WORK INSTRUCTION = For the material below, output exactly the span from the line with "case (ty_plain p)" to the line with "using list_all2_sem_ty_sorts_eq[OF typed]", including both, and nothing besides.

SUPPLIED MATERIAL =

──────────────────────────────

(* Fix a valid ILA model and a secret parameter $\mathsf{sp}\in\mathcal{SP}$. Let $\Gamma$ be a typing context, $e$ an expression and $\tau$ a type such that $\mathsf{topub}(\mathsf{sp});\Gamma\vdash e:\tau$. Then $\mathsf{sp};\Gamma\vDash e:\tau$; that is, for every substitution $\gamma$ with $\mathsf{sp};\Gamma\vDash\gamma$, there exists a value $v$ with $\langle\gamma,e\rangle\Downarrow v$ and $v\in[\![\tau]\!]^{\mathsf{sp}}$.
   Context: An ILA model consists of: sets $\mathcal{PP}$ (public parameters) and $\mathcal{SP}$ (secret parameters) with a map $\mathsf{topub}:\mathcal{SP}\to\mathcal{PP}$; for each sort $s\in\{\mathsf{msg},\mathsf{plain},\mathsf{cipher}\}$ a carrier set $[\![s]\!]$ (the sort of a value $v$, written $\mathsf{sort}(v)$, is the $s$ with $v\in[\![s]\!]$) and a partially ordered set $(B_s,\le_s)$ of bounds; maps $|\cdot|^{\mathsf{pp}}_{\mathsf{msg}}:[\![\mathsf{msg}]\!]\to B_{\mathsf{msg}}$, $|\cdot|^{\mathsf{pp}}_{\mathsf{plain}}:[\![\mathsf{plain}]\!]\to B_{\mathsf{plain}}$ for $\mathsf{pp}\in\mathcal{PP}$, and $|\cdot|^{\mathsf{sp}}_{\mathsf{cipher}}:[\![\mathsf{cipher}]\!]\to B_{\mathsf{cipher}}$ for $\mathsf{sp}\in\mathcal{SP}$ (for $s\in\{\mathsf{msg},\mathsf{plain}\}$, $|\cdot|^{\mathsf{sp}}_s$ means $|\cdot|^{\mathsf{topub}(\mathsf{sp})}_s$); interpretation maps $\mathsf{interp}^{\mathsf{pp}}_{\mathsf{plain}}:[\![\mathsf{plain}]\!]\to[\![\mathsf{msg}]\!]$, $\mathsf{interp}^{\mathsf{sp}}_{\mathsf{cipher}}:[\![\mathsf{cipher}]\!]\to[\![\mathsf{msg}]\!]$, with $\mathsf{interp}^{\mathsf{pp}}_{\mathsf{msg}}$ the identity and $\mathsf{interp}^{\mathsf{sp}}_s:=\mathsf{interp}^{\mathsf{topub}(\mathsf{sp})}_s$ for $s\in\{\mathsf{msg},\mathsf{plain}\}$; and a set of operations, each $\mathsf{op}$ having an arity $s_1,\dots,s_n\to s$ and equipped with a total function $[\![\mathsf{op}]\!]:\prod_i[\![s_i]\!]\to[\![s]\!]$, a partial function $[\![\mathsf{op}]\!]^{\mathsf{pp}}_{\mathsf{bnd}}:\prod_i B_{s_i}\rightharpoonup B_s$ for each $\mathsf{pp}$, and a function $[\![\mathsf{op}]\!]_{\mathsf{msg}}:[\![\mathsf{msg}]\!]^n\to[\![\mathsf{msg}]\!]$. There is a nullary operation $\mathsf{true}:()\to\mathsf{msg}$. The model is valid if (Commutativity) for all $\mathsf{sp}$, all $\mathsf{op}:\vec s_i\to s$ and all $v_i\in[\![s_i]\!]$, if $[\![\mathsf{op}]\!]^{\mathsf{topub}(\mathsf{sp})}_{\mathsf{bnd}}(|v_1|^{\mathsf{sp}}_{s_1},\dots)=b$ is defined then $|[\![\mathsf{op}]\!](\vec v_i)|^{\mathsf{sp}}_s\le_s b$ and $\mathsf{interp}^{\mathsf{sp}}_s([\![\mathsf{op}]\!](\vec v_i))=[\![\mathsf{op}]\!]_{\mathsf{msg}}(\mathsf{interp}^{\mathsf{sp}}_{s_1}(v_1),\dots)$; and (Downwards Closed) if $[\![\mathsf{op}]\!]^{\mathsf{topub}(\mathsf{sp})}_{\mathsf{bnd}}(\vec b_i)=b$ is defined and $b_i'\le_{s_i}b_i$ for all $i$, then $[\![\mathsf{op}]\!]^{\mathsf{topub}(\mathsf{sp})}_{\mathsf{bnd}}(\vec b_i')=b'$ is defined with $b'\le_s b$. Syntax: expressions $e::=x\mid v\mid\mathsf{op}(e_1,\dots,e_n)$ where $x$ is a variable and $v\in[\![s]\!]$ with $s\in\{\mathsf{msg},\mathsf{plain}\}$. A substitution $\gamma$ maps variables to values in $[\![\mathsf{msg}]\!]\cup[\![\mathsf{plain}]\!]\cup[\![\mathsf{cipher}]\!]$. Big-step evaluation $\langle\gamma,e\rangle\Downarrow v$: $\langle\gamma,x\rangle\Downarrow\gamma(x)$; $\langle\gamma,v\rangle\Downarrow v$; if $\mathsf{op}:\vec s_i\to s$ and $\langle\gamma,e_i\rangle\Downarrow v_i\in[\![s_i]\!]$ for all $i$, then $\langle\gamma,\mathsf{op}(\vec e_i)\rangle\Downarrow[\![\mathsf{op}]\!](\vec v_i)$. Types are $s\ \alpha$ with $s$ a sort and $\alpha\in B_s$; $|s\ \alpha|=\alpha$, $\mathsf{sort}(s\ \alpha)=s$; subtyping $s\ \alpha\le s\ \alpha'$ iff $\alpha\le_s\alpha'$. A context $\Gamma$ is a finite map from variables to types. Typing $\mathsf{pp};\Gamma\vdash e:\tau$ is given by: if $x:\tau\in\Gamma$ then $\mathsf{pp};\Gamma\vdash x:\tau$; if $\mathsf{pp};\Gamma\vdash e:\tau$ and $\tau\le\tau'$ then $\mathsf{pp};\Gamma\vdash e:\tau'$; if $\mathsf{sort}(v)=s$ then $\mathsf{pp};\Gamma\vdash v:s\ |v|^{\mathsf{pp}}_s$; if $\mathsf{op}:\vec s_i\to s$, $\mathsf{pp};\Gamma\vdash e_i:\tau_i$ with $\mathsf{sort}(\tau_i)=s_i$ for all $i$, and $[\![\mathsf{op}]\!]^{\mathsf{pp}}_{\mathsf{bnd}}(|\tau_1|,\dots,|\tau_n|)=\alpha$ is defined, then $\mathsf{pp};\Gamma\vdash\mathsf{op}(\vec e_i):s\ \alpha$. Semantic types: $[\![s\ \alpha]\!]^{\mathsf{sp}}=\{v\in[\![s]\!]\mid |v|^{\mathsf{sp}}_s\le_s\alpha\}$. $\mathsf{sp};\Gamma\vDash\gamma$ means: for every $x$ in the domain of $\Gamma$, $x$ is in the domain of $\gamma$ and $\gamma(x)\in[\![\Gamma(x)]\!]^{\mathsf{sp}}$. *)

theory Defs
  imports Main
begin

datatype sort = Msg | Plain | Cipher

datatype ('m, 'p, 'c) val = VMsg 'm | VPlain 'p | VCipher 'c

datatype ('bm, 'bp, 'bc) bnd = BMsg 'bm | BPlain 'bp | BCipher 'bc

fun val_sort :: "('m, 'p, 'c) val \<Rightarrow> sort" where
  "val_sort (VMsg _) = Msg" | "val_sort (VPlain _) = Plain" | "val_sort (VCipher _) = Cipher"

fun bnd_sort :: "('bm, 'bp, 'bc) bnd \<Rightarrow> sort" where
  "bnd_sort (BMsg _) = Msg" | "bnd_sort (BPlain _) = Plain" | "bnd_sort (BCipher _) = Cipher"

fun bnd_le :: "('bm::order, 'bp::order, 'bc::order) bnd \<Rightarrow> ('bm, 'bp, 'bc) bnd \<Rightarrow> bool" where
  "bnd_le (BMsg a) (BMsg b) = (a \<le> b)"
| "bnd_le (BPlain a) (BPlain b) = (a \<le> b)"
| "bnd_le (BCipher a) (BCipher b) = (a \<le> b)"
| "bnd_le _ _ = False"

record ('pp, 'sp, 'm, 'p, 'c, 'bm, 'bp, 'bc, 'o) ila =
  topub :: "'sp \<Rightarrow> 'pp"
  size_msg :: "'pp \<Rightarrow> 'm \<Rightarrow> 'bm"
  size_plain :: "'pp \<Rightarrow> 'p \<Rightarrow> 'bp"
  size_cipher :: "'sp \<Rightarrow> 'c \<Rightarrow> 'bc"
  interp_plain :: "'pp \<Rightarrow> 'p \<Rightarrow> 'm"
  interp_cipher :: "'sp \<Rightarrow> 'c \<Rightarrow> 'm"
  arity :: "'o \<Rightarrow> sort list \<times> sort"
  op_sem :: "'o \<Rightarrow> ('m, 'p, 'c) val list \<Rightarrow> ('m, 'p, 'c) val"
  op_bnd :: "'pp \<Rightarrow> 'o \<Rightarrow> ('bm, 'bp, 'bc) bnd list \<Rightarrow> ('bm, 'bp, 'bc) bnd option"
  op_msg :: "'o \<Rightarrow> 'm list \<Rightarrow> 'm"
  true_op :: 'o

fun vsize :: "('pp, 'sp, 'm, 'p, 'c, 'bm, 'bp, 'bc, 'o) ila \<Rightarrow> 'sp \<Rightarrow> ('m, 'p, 'c) val \<Rightarrow> ('bm, 'bp, 'bc) bnd" where
  "vsize M sp (VMsg m) = BMsg (size_msg M (topub M sp) m)"
| "vsize M sp (VPlain p) = BPlain (size_plain M (topub M sp) p)"
| "vsize M sp (VCipher c) = BCipher (size_cipher M sp c)"

fun vinterp :: "('pp, 'sp, 'm, 'p, 'c, 'bm, 'bp, 'bc, 'o) ila \<Rightarrow> 'sp \<Rightarrow> ('m, 'p, 'c) val \<Rightarrow> 'm" where
  "vinterp M sp (VMsg m) = m"
| "vinterp M sp (VPlain p) = interp_plain M (topub M sp) p"
| "vinterp M sp (VCipher c) = interp_cipher M sp c"

definition ila_wf :: "('pp, 'sp, 'm, 'p, 'c, 'bm, 'bp, 'bc, 'o) ila \<Rightarrow> bool" where
  "ila_wf M \<longleftrightarrow>
     arity M (true_op M) = ([], Msg)
   \<and> (\<forall>op vs. map val_sort vs = fst (arity M op)
        \<longrightarrow> val_sort (op_sem M op vs) = snd (arity M op))
   \<and> (\<forall>pp op bs b. map bnd_sort bs = fst (arity M op) \<and> op_bnd M pp op bs = Some b
        \<longrightarrow> bnd_sort b = snd (arity M op))"

definition ila_commutative :: "('pp, 'sp, 'm, 'p, 'c, 'bm::order, 'bp::order, 'bc::order, 'o) ila \<Rightarrow> bool" where
  "ila_commutative M \<longleftrightarrow>
     (\<forall>sp op vs b. map val_sort vs = fst (arity M op)
        \<and> op_bnd M (topub M sp) op (map (vsize M sp) vs) = Some b
        \<longrightarrow> bnd_le (vsize M sp (op_sem M op vs)) b
          \<and> vinterp M sp (op_sem M op vs) = op_msg M op (map (vinterp M sp) vs))"

definition ila_downwards_closed :: "('pp, 'sp, 'm, 'p, 'c, 'bm::order, 'bp::order, 'bc::order, 'o) ila \<Rightarrow> bool" where
  "ila_downwards_closed M \<longleftrightarrow>
     (\<forall>sp op bs bs' b. map bnd_sort bs = fst (arity M op)
        \<and> op_bnd M (topub M sp) op bs = Some b
        \<and> list_all2 bnd_le bs' bs
        \<longrightarrow> (\<exists>b'. op_bnd M (topub M sp) op bs' = Some b' \<and> bnd_le b' b))"

definition ila_valid :: "('pp, 'sp, 'm, 'p, 'c, 'bm::order, 'bp::order, 'bc::order, 'o) ila \<Rightarrow> bool" where
  "ila_valid M \<longleftrightarrow> ila_wf M \<and> ila_commutative M \<and> ila_downwards_closed M"

datatype ('x, 'm, 'p, 'o) expr =
    Var 'x
  | ConstMsg 'm
  | ConstPlain 'p
  | Op 'o "('x, 'm, 'p, 'o) expr list"

inductive eval :: "('pp, 'sp, 'm, 'p, 'c, 'bm, 'bp, 'bc, 'o) ila \<Rightarrow> ('x \<Rightarrow> ('m, 'p, 'c) val option)
    \<Rightarrow> ('x, 'm, 'p, 'o) expr \<Rightarrow> ('m, 'p, 'c) val \<Rightarrow> bool"
  for M where
  eval_var: "\<gamma> x = Some v \<Longrightarrow> eval M \<gamma> (Var x) v"
| eval_msg: "eval M \<gamma> (ConstMsg m) (VMsg m)"
| eval_plain: "eval M \<gamma> (ConstPlain p) (VPlain p)"
| eval_op: "\<lbrakk> list_all2 (eval M \<gamma>) es vs; map val_sort vs = fst (arity M op) \<rbrakk>
     \<Longrightarrow> eval M \<gamma> (Op op es) (op_sem M op vs)"

text \<open>Types s alpha are represented by sort-tagged bounds; typing contexts are partial maps.\<close>
inductive typing :: "('pp, 'sp, 'm, 'p, 'c, 'bm::order, 'bp::order, 'bc::order, 'o) ila \<Rightarrow> 'pp
    \<Rightarrow> ('x \<Rightarrow> ('bm, 'bp, 'bc) bnd option) \<Rightarrow> ('x, 'm, 'p, 'o) expr \<Rightarrow> ('bm, 'bp, 'bc) bnd \<Rightarrow> bool"
  for M pp \<Gamma> where
  ty_var: "\<Gamma> x = Some \<tau> \<Longrightarrow> typing M pp \<Gamma> (Var x) \<tau>"
| ty_sub: "\<lbrakk> typing M pp \<Gamma> e \<tau>; bnd_le \<tau> \<tau>' \<rbrakk> \<Longrightarrow> typing M pp \<Gamma> e \<tau>'"
| ty_msg: "typing M pp \<Gamma> (ConstMsg m) (BMsg (size_msg M pp m))"
| ty_plain: "typing M pp \<Gamma> (ConstPlain p) (BPlain (size_plain M pp p))"
| ty_op: "\<lbrakk> list_all2 (typing M pp \<Gamma>) es \<tau>s; map bnd_sort \<tau>s = fst (arity M op);
            op_bnd M pp op \<tau>s = Some \<alpha> \<rbrakk>
     \<Longrightarrow> typing M pp \<Gamma> (Op op es) \<alpha>"

definition sem_ty :: "('pp, 'sp, 'm, 'p, 'c, 'bm::order, 'bp::order, 'bc::order, 'o) ila \<Rightarrow> 'sp
    \<Rightarrow> ('bm, 'bp, 'bc) bnd \<Rightarrow> ('m, 'p, 'c) val set" where
  "sem_ty M sp \<tau> = {v. val_sort v = bnd_sort \<tau> \<and> bnd_le (vsize M sp v) \<tau>}"

definition sem_ctx :: "('pp, 'sp, 'm, 'p, 'c, 'bm::order, 'bp::order, 'bc::order, 'o) ila \<Rightarrow> 'sp
    \<Rightarrow> ('x \<Rightarrow> ('bm, 'bp, 'bc) bnd option) \<Rightarrow> ('x \<Rightarrow> ('m, 'p, 'c) val option) \<Rightarrow> bool" where
  "sem_ctx M sp \<Gamma> \<gamma> \<longleftrightarrow> (\<forall>x \<tau>. \<Gamma> x = Some \<tau> \<longrightarrow> (\<exists>v. \<gamma> x = Some v \<and> v \<in> sem_ty M sp \<tau>))"

end

theory Submission
  imports Defs
begin

text \<open>Subsumption is sound because semantic types are
  downward closed in the bound; for an operation, Downwards Closure lets the operation's bound
  be evaluated at the actual sizes of the argument values, and Commutativity then bounds the
  size of the result by it.\<close>

lemma bnd_le_refl: "bnd_le b b"
  by (cases b) auto

lemma bnd_le_trans: "bnd_le a b \<Longrightarrow> bnd_le b c \<Longrightarrow> bnd_le a c"
  by (cases a; cases b; cases c) auto

lemma bnd_le_sort_eq: "bnd_le a b \<Longrightarrow> bnd_sort a = bnd_sort b"
  by (cases a; cases b) auto

lemma bnd_sort_vsize [simp]: "bnd_sort (vsize M sp v) = val_sort v"
  by (cases v) auto

lemma sem_ty_iff_vsize_le: "v \<in> sem_ty M sp \<tau> \<longleftrightarrow> bnd_le (vsize M sp v) \<tau>"
  unfolding sem_ty_def by (auto dest: bnd_le_sort_eq)

lemma vsize_in_sem_ty: "v \<in> sem_ty M sp (vsize M sp v)"
  by (simp add: sem_ty_iff_vsize_le bnd_le_refl)

lemma sem_ty_mono: "bnd_le \<tau> \<tau>' \<Longrightarrow> v \<in> sem_ty M sp \<tau> \<Longrightarrow> v \<in> sem_ty M sp \<tau>'"
  by (auto simp: sem_ty_iff_vsize_le intro: bnd_le_trans)

lemma list_all2_sem_ty_sorts_eq:
  "list_all2 (\<lambda>v \<tau>. v \<in> sem_ty M sp \<tau>) vs \<tau>s \<Longrightarrow> map val_sort vs = map bnd_sort \<tau>s"
  by (induction rule: list_all2_induct) (simp_all add: sem_ty_def)

lemma op_sem_in_sem_ty:
  assumes comm: "ila_commutative M" and down: "ila_downwards_closed M"
    and args: "list_all2 (\<lambda>v \<tau>. v \<in> sem_ty M sp \<tau>) vs \<tau>s"
    and arity: "map bnd_sort \<tau>s = fst (arity M op)"
    and bound: "op_bnd M (topub M sp) op \<tau>s = Some \<alpha>"
  shows "op_sem M op vs \<in> sem_ty M sp \<alpha>"
proof -
  have sizes_le: "list_all2 bnd_le (map (vsize M sp) vs) \<tau>s"
    using args by (simp add: list_all2_map1 sem_ty_iff_vsize_le)
  have val_arity: "map val_sort vs = fst (arity M op)"
    using list_all2_sem_ty_sorts_eq[OF args] arity by simp
  obtain \<beta> where \<beta>: "op_bnd M (topub M sp) op (map (vsize M sp) vs) = Some \<beta>" "bnd_le \<beta> \<alpha>"
    using down arity bound sizes_le unfolding ila_downwards_closed_def by blast
  have "bnd_le (vsize M sp (op_sem M op vs)) \<beta>"
    using comm val_arity \<beta>(1) unfolding ila_commutative_def by blast
  with \<beta>(2) show ?thesis
    by (auto simp: sem_ty_iff_vsize_le intro: bnd_le_trans)
qed

theorem typing_sound:
  assumes valid: "ila_valid M" and ctx: "sem_ctx M sp \<Gamma> \<gamma>"
    and "typing M (topub M sp) \<Gamma> e \<tau>"
  shows "\<exists>v. eval M \<gamma> e v \<and> v \<in> sem_ty M sp \<tau>"
  using \<open>typing M (topub M sp) \<Gamma> e \<tau>\<close>
proof (induction rule: typing.induct)
  case (ty_var x \<tau>)
  then show ?case
    using ctx unfolding sem_ctx_def by (blast intro: eval_var)
next
  case (ty_sub e \<tau> \<tau>')
  then show ?case by (blast intro: sem_ty_mono)
next
  case (ty_msg m)
  show ?case using vsize_in_sem_ty[of "VMsg m" M sp] by (auto intro: eval_msg)
next
  case (ty_plain p)
  show ?case using vsize_in_sem_ty[of "VPlain p" M sp] by (auto intro: eval_plain)
next
  case (ty_op es \<tau>s op \<alpha>)
  have "list_all2 (eval M \<gamma> OO (\<lambda>v \<tau>. v \<in> sem_ty M sp \<tau>)) es \<tau>s"
    using ty_op.IH by (rule list_all2_mono) (blast intro: relcomppI)
  then obtain vs where evals: "list_all2 (eval M \<gamma>) es vs"
    and typed: "list_all2 (\<lambda>v \<tau>. v \<in> sem_ty M sp \<tau>) vs \<tau>s"
    unfolding list.rel_compp by blast
  from valid have comm: "ila_commutative M" and down: "ila_downwards_closed M"
    unfolding ila_valid_def by auto
  have "map val_sort vs = fst (arity M op)"
    using list_all2_sem_ty_sorts_eq[OF typed] \<open>map bnd_sort \<tau>s = fst (arity M op)\<close> by simp
  with evals have "eval M \<gamma> (Op op es) (op_sem M op vs)"
    by (rule eval_op)
  moreover have "op_sem M op vs \<in> sem_ty M sp \<alpha>"
    using op_sem_in_sem_ty[OF comm down typed] ty_op.hyps by blast
  ultimately show ?case by blast
qed

theorem mainTheorem1:
  fixes M :: "('pp, 'sp, 'm, 'p, 'c, 'bm::order, 'bp::order, 'bc::order, 'o) ila"
    and sp :: 'sp
    and \<Gamma> :: "'x \<Rightarrow> ('bm, 'bp, 'bc) bnd option"
    and e :: "('x, 'm, 'p, 'o) expr"
    and \<tau> :: "('bm, 'bp, 'bc) bnd"
  assumes "ila_valid M"
    and "finite (dom \<Gamma>)"
    and "typing M (topub M sp) \<Gamma> e \<tau>"
  shows "\<forall>\<gamma>. sem_ctx M sp \<Gamma> \<gamma> \<longrightarrow> (\<exists>v. eval M \<gamma> e v \<and> v \<in> sem_ty M sp \<tau>)"
  using typing_sound[OF assms(1) _ assms(3)] by blast

end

──────────────────────────────

RESPONSE AREA =
  case (ty_plain p)
  show ?case using vsize_in_sem_ty[of "VPlain p" M sp] by (auto intro: eval_plain)
next
  case (ty_op es \<tau>s op \<alpha>)
  have "list_all2 (eval M \<gamma> OO (\<lambda>v \<tau>. v \<in> sem_ty M sp \<tau>)) es \<tau>s"
    using ty_op.IH by (rule list_all2_mono) (blast intro: relcomppI)
  then obtain vs where evals: "list_all2 (eval M \<gamma>) es vs"
    and typed: "list_all2 (\<lambda>v \<tau>. v \<in> sem_ty M sp \<tau>) vs \<tau>s"
    unfolding list.rel_compp by blast
  from valid have comm: "ila_commutative M" and down: "ila_downwards_closed M"
    unfolding ila_valid_def by auto
  have "map val_sort vs = fst (arity M op)"
    using list_all2_sem_ty_sorts_eq[OF typed] \<open>map bnd_sort \<tau>s = fst (arity M op)\<close> by simp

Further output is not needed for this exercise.